Starting with the opening line of the material, restate every line word for word, and end on the line containing "define K where".

-- Opening Marker --

lemma exp_mult_add_le:
  fixes u v t s :: real
  assumes "0 \<le> t" "0 \<le> s"
  shows "exp (- (u * t)) * exp (- (v * s)) + exp (- (v * t)) * exp (- (u * s))
    \<le> exp (- (u * (t + s))) + exp (- (v * (t + s)))"
proof -
  have "0 \<le> (exp (- (u * t)) - exp (- (v * t))) * (exp (- (u * s)) - exp (- (v * s)))"
  proof (cases "u \<le> v")
    case True
    then have "exp (- (v * t)) \<le> exp (- (u * t))" "exp (- (v * s)) \<le> exp (- (u * s))"
      using assms by (auto intro: mult_right_mono)
    then show ?thesis by simp
  next
    case False
    then have "exp (- (u * t)) \<le> exp (- (v * t))" "exp (- (u * s)) \<le> exp (- (v * s))"
      using assms by (auto intro: mult_right_mono)
    then show ?thesis by (simp add: mult_nonpos_nonpos)
  qed
  then show ?thesis
    by (simp add: algebra_simps flip: exp_add)
qed

lemma laplace_transform_mult_le:
  assumes [measurable]: "w \<in> borel_measurable borel" and w_nonneg: "\<And>u. 0 \<le> w u"
    and "0 \<le> t" "0 \<le> s"
  shows "laplace_transform w t * laplace_transform w s \<le> laplace_transform w 0 * laplace_transform w (t + s)"
proof -
  define K where "K t s p = w (fst p) * w (snd p) * exp (- (fst p * t)) * exp (- (snd p * s))" for t s p
  have prod: "laplace_transform w t * laplace_transform w s = (\<integral>\<^sup>+p. ennreal (K t s p) \<partial>(lborel \<Otimes>\<^sub>M lborel))"
    for t s
    unfolding K_def by (rule laplace_transform_mult_eq_pair_integral) (use w_nonneg in auto)
  have K_nonneg: "0 \<le> K t s p" for t s p
    unfolding K_def using w_nonneg by simp
  have K_measurable[measurable]: "(\<lambda>p. K t s p) \<in> borel_measurable (lborel \<Otimes>\<^sub>M lborel)" for t s
    unfolding K_def by measurable
  have sum: "laplace_transform w t * laplace_transform w s + laplace_transform w t' * laplace_transform w s' =
      (\<integral>\<^sup>+p. ennreal (K t s p + K t' s' p) \<partial>(lborel \<Otimes>\<^sub>M lborel))" for t s t' s'
    unfolding prod using K_nonneg by (subst nn_integral_add[symmetric]) auto
  have "2 * (laplace_transform w t * laplace_transform w s) =
      (\<integral>\<^sup>+p. ennreal (K t s p + K s t p) \<partial>(lborel \<Otimes>\<^sub>M lborel))"
    unfolding sum[symmetric] by (simp add: mult_2 mult.commute)
  also have "\<dots> \<le> (\<integral>\<^sup>+p. ennreal (K 0 (t + s) p + K (t + s) 0 p) \<partial>(lborel \<Otimes>\<^sub>M lborel))"
  proof (intro nn_integral_mono ennreal_leI)
    fix p :: "real \<times> real"
    have "w (fst p) * w (snd p) * (exp (- (fst p * t)) * exp (- (snd p * s)) + exp (- (snd p * t)) * exp (- (fst p * s)))
        \<le> w (fst p) * w (snd p) * (exp (- (fst p * (t + s))) + exp (- (snd p * (t + s))))"
      using exp_mult_add_le[OF \<open>0 \<le> t\<close> \<open>0 \<le> s\<close>] w_nonneg by (intro mult_left_mono) auto
    then show "K t s p + K s t p \<le> K 0 (t + s) p + K (t + s) 0 p"
      by (simp add: K_def algebra_simps)
  qed
  also have "\<dots> = 2 * (laplace_transform w 0 * laplace_transform w (t + s))"
    unfolding sum[symmetric] by (simp add: mult_2 mult.commute)
  finally show ?thesis
    by (simp add: ennreal_mult_le_mult_iff)
qed

lemma laplace_transform_le_ratio_mult:
  assumes [measurable]: "w \<in> borel_measurable borel"
    and w_nonneg: "\<And>u. 0 \<le> w u" and w_neg: "\<And>u. u < 0 \<Longrightarrow> w u = 0"
    and "0 \<le> t" "0 \<le> D" "s \<le> t + D"
    and LD: "laplace_transform w D \<noteq> 0" "laplace_transform w D \<noteq> \<top>"
  shows "laplace_transform w t \<le> laplace_transform w 0 / laplace_transform w D * laplace_transform w s"
proof -
  have "laplace_transform w t * laplace_transform w D \<le> laplace_transform w 0 * laplace_transform w (t + D)"
    using assms by (intro laplace_transform_mult_le) auto
  also have "\<dots> \<le> laplace_transform w 0 * laplace_transform w s"
    using assms by (intro mult_left_mono laplace_transform_antimono) auto
  finally have "laplace_transform w t * laplace_transform w D / laplace_transform w D
      \<le> laplace_transform w 0 * laplace_transform w s / laplace_transform w D"
    by (rule divide_right_mono_ennreal)
  moreover have "laplace_transform w 0 * laplace_transform w s / laplace_transform w D =
      laplace_transform w 0 / laplace_transform w D * laplace_transform w s"
    by (simp add: ennreal_divide_times ennreal_times_divide)
  ultimately show ?thesis
    by (simp only: mult_divide_eq_ennreal[OF LD])
qed

lemma laplace_transform_Icc_zero:
  assumes "0 \<le> a" "a \<le> c"
  shows "laplace_transform (\<lambda>u. indicator {a..c} u * u) 0 = ennreal ((c\<^sup>2 - a\<^sup>2) / 2)"
proof -
  have "laplace_transform (\<lambda>u. indicator {a..c} u * u) 0 = (\<integral>\<^sup>+u. ennreal u * indicator {a..c} u \<partial>lborel)"
    unfolding laplace_transform_def by (intro nn_integral_cong) (auto split: split_indicator)
  also have "\<dots> = ennreal (c\<^sup>2 / 2 - a\<^sup>2 / 2)"
    using assms by (intro nn_integral_FTC_Icc[where F="\<lambda>u. u\<^sup>2 / 2"]) (auto intro!: derivative_eq_intros)
  finally show ?thesis
    by (simp add: diff_divide_distrib)
qed

lemma laplace_transform_Icc:
  assumes "0 \<le> a" "a \<le> c" "0 < t"
  shows "laplace_transform (\<lambda>u. indicator {a..c} u * u) t =
    ennreal (((1 + a * t) * exp (- (a * t)) - (1 + c * t) * exp (- (c * t))) / t\<^sup>2)"
proof -
  let ?F = "\<lambda>u. - ((1 + u * t) * exp (- (u * t))) / t\<^sup>2"
  have "laplace_transform (\<lambda>u. indicator {a..c} u * u) t =
      (\<integral>\<^sup>+u. ennreal (u * exp (- (u * t))) * indicator {a..c} u \<partial>lborel)"
    unfolding laplace_transform_def by (intro nn_integral_cong) (auto split: split_indicator)
  also have "\<dots> = ennreal (?F c - ?F a)"
  proof (rule nn_integral_FTC_Icc)
    fix x assume "x \<in> {a..c}"
    show "(?F has_real_derivative x * exp (- (x * t))) (at x)"
      using assms by (auto intro!: derivative_eq_intros simp: field_simps power2_eq_square)
    show "0 \<le> x * exp (- (x * t))"
      using assms \<open>x \<in> {a..c}\<close> by auto
  qed (auto simp: assms)
  finally show ?thesis
    by (simp add: diff_divide_distrib)
qed

lemma one_plus_mult_exp_neg_strict_decreasing:
  fixes x y :: real
  assumes "0 \<le> x" "x < y"
  shows "(1 + y) * exp (- y) < (1 + x) * exp (- x)"
proof (rule DERIV_neg_imp_decreasing_open[OF \<open>x < y\<close>])
  fix z :: real assume "x < z" "z < y"
  then show "\<exists>y. ((\<lambda>x. (1 + x) * exp (- x)) has_real_derivative y) (at z) \<and> y < 0"
    using assms by (intro exI[of _ "- z * exp (- z)"]) (auto intro!: derivative_eq_intros simp: algebra_simps)
qed (auto intro!: continuous_intros)

definition inverse_uniform_density_ratio :: "real \<Rightarrow> real \<Rightarrow> real" where
  "inverse_uniform_density_ratio \<alpha> \<beta> =
    (\<alpha>\<^sup>2 - \<beta>\<^sup>2) / (2 * ((1 + \<beta>) * exp (- \<beta>) - (1 + \<alpha>) * exp (- \<alpha>)))"

lemma inverse_uniform_density_ratio_pos:
  assumes "0 \<le> \<alpha>" "\<alpha> < \<beta>"
  shows "0 < inverse_uniform_density_ratio \<alpha> \<beta>"
  unfolding inverse_uniform_density_ratio_def
  using one_plus_mult_exp_neg_strict_decreasing[OF assms] power_strict_mono[OF assms(2) assms(1), of 2]
  by (intro divide_neg_neg) auto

-- Closing Marker --

## Solution
lemma exp_mult_add_le:
  fixes u v t s :: real
  assumes "0 \<le> t" "0 \<le> s"
  shows "exp (- (u * t)) * exp (- (v * s)) + exp (- (v * t)) * exp (- (u * s))
    \<le> exp (- (u * (t + s))) + exp (- (v * (t + s)))"
proof -
  have "0 \<le> (exp (- (u * t)) - exp (- (v * t))) * (exp (- (u * s)) - exp (- (v * s)))"
  proof (cases "u \<le> v")
    case True
    then have "exp (- (v * t)) \<le> exp (- (u * t))" "exp (- (v * s)) \<le> exp (- (u * s))"
      using assms by (auto intro: mult_right_mono)
    then show ?thesis by simp
  next
    case False
    then have "exp (- (u * t)) \<le> exp (- (v * t))" "exp (- (u * s)) \<le> exp (- (v * s))"
      using assms by (auto intro: mult_right_mono)
    then show ?thesis by (simp add: mult_nonpos_nonpos)
  qed
  then show ?thesis
    by (simp add: algebra_simps flip: exp_add)
qed

lemma laplace_transform_mult_le:
  assumes [measurable]: "w \<in> borel_measurable borel" and w_nonneg: "\<And>u. 0 \<le> w u"
    and "0 \<le> t" "0 \<le> s"
  shows "laplace_transform w t * laplace_transform w s \<le> laplace_transform w 0 * laplace_transform w (t + s)"
proof -
  define K where "K t s p = w (fst p) * w (snd p) * exp (- (fst p * t)) * exp (- (snd p * s))" for t s p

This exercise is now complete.